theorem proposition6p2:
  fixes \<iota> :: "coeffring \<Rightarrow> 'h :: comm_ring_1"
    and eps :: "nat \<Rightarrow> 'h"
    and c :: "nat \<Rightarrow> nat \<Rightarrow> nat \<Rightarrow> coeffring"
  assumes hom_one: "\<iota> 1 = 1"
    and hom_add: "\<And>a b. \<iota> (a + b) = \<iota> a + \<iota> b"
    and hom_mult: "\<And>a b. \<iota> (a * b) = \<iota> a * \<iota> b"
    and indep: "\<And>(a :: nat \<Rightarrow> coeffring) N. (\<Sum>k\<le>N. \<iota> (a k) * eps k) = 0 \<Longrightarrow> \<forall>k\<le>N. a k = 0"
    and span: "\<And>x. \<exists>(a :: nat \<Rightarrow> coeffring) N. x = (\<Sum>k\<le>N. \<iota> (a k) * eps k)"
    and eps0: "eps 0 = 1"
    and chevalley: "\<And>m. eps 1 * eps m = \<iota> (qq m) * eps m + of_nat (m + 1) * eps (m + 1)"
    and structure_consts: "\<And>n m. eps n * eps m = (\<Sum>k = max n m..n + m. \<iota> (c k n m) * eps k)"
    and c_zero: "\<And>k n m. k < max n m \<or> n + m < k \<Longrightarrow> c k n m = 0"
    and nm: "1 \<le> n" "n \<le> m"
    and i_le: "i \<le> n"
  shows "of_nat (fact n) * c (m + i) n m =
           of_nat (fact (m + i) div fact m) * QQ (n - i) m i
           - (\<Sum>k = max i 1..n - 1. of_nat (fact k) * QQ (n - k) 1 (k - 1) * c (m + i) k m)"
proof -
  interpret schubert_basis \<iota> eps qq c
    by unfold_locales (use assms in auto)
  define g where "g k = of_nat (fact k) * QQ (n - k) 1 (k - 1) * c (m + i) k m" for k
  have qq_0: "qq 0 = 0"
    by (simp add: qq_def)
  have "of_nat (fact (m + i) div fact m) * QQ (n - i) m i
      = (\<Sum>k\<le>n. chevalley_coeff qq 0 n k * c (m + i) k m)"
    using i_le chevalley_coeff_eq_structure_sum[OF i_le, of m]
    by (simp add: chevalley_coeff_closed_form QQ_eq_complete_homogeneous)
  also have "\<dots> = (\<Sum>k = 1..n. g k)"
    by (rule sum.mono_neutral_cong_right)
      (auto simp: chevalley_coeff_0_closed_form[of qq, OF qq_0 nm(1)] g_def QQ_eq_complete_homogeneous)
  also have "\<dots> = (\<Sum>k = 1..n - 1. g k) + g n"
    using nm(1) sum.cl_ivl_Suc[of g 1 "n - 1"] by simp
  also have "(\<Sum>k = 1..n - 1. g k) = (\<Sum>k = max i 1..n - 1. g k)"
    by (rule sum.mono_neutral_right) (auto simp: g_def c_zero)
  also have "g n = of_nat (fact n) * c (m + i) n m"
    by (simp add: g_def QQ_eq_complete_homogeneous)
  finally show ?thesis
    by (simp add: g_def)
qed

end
####
● What is being asked
Transcribe every record verbatim.

● Answer box
theorem proposition6p2:
  fixes \<iota> :: "coeffring \<Rightarrow> 'h :: comm_ring_1"
    and eps :: "nat \<Rightarrow> 'h"
    and c :: "nat \<Rightarrow> nat \<Rightarrow> nat \<Rightarrow> coeffring"
  assumes hom_one: "\<iota> 1 = 1"
    and hom_add: "\<And>a b. \<iota> (a + b) = \<iota> a + \<iota> b"
    and hom_mult: "\<And>a b. \<iota> (a * b) = \<iota> a * \<iota> b"
    and indep: "\<And>(a :: nat \<Rightarrow> coeffring) N. (\<Sum>k\<le>N. \<iota> (a k) * eps k) = 0 \<Longrightarrow> \<forall>k\<le>N. a k = 0"
    and span: "\<And>x. \<exists>(a :: nat \<Rightarrow> coeffring) N. x = (\<Sum>k\<le>N. \<iota> (a k) * eps k)"
    and eps0: "eps 0 = 1"
    and chevalley: "\<And>m. eps 1 * eps m = \<iota> (qq m) * eps m + of_nat (m + 1) * eps (m + 1)"
    and structure_consts: "\<And>n m. eps n * eps m = (\<Sum>k = max n m..n + m. \<iota> (c k n m) * eps k)"
    and c_zero: "\<And>k n m. k < max n m \<or> n + m < k \<Longrightarrow> c k n m = 0"
    and nm: "1 \<le> n" "n \<le> m"
    and i_le: "i \<le> n"
  shows "of_nat (fact n) * c (m + i) n m =
           of_nat (fact (m + i) div fact m) * QQ (n - i) m i
           - (\<Sum>k = max i 1..n - 1. of_nat (fact k) * QQ (n - k) 1 (k - 1) * c (m + i) k m)"
proof -
  interpret schubert_basis \<iota> eps qq c
    by unfold_locales (use assms in auto)
  define g where "g k = of_nat (fact k) * QQ (n - k) 1 (k - 1) * c (m + i) k m" for k
  have qq_0: "qq 0 = 0"
    by (simp add: qq_def)
  have "of_nat (fact (m + i) div fact m) * QQ (n - i) m i
      = (\<Sum>k\<le>n. chevalley_coeff qq 0 n k * c (m + i) k m)"
    using i_le chevalley_coeff_eq_structure_sum[OF i_le, of m]
    by (simp add: chevalley_coeff_closed_form QQ_eq_complete_homogeneous)
  also have "\<dots> = (\<Sum>k = 1..n. g k)"
    by (rule sum.mono_neutral_cong_right)
      (auto simp: chevalley_coeff_0_closed_form[of qq, OF qq_0 nm(1)] g_def QQ_eq_complete_homogeneous)
  also have "\<dots> = (\<Sum>k = 1..n - 1. g k) + g n"
    using nm(1) sum.cl_ivl_Suc[of g 1 "n - 1"] by simp
  also have "(\<Sum>k = 1..n - 1. g k) = (\<Sum>k = max i 1..n - 1. g k)"
    by (rule sum.mono_neutral_right) (auto simp: g_def c_zero)
  also have "g n = of_nat (fact n) * c (m + i) n m"
    by (simp add: g_def QQ_eq_complete_homogeneous)
  finally show ?thesis
    by (simp add: g_def)
qed

end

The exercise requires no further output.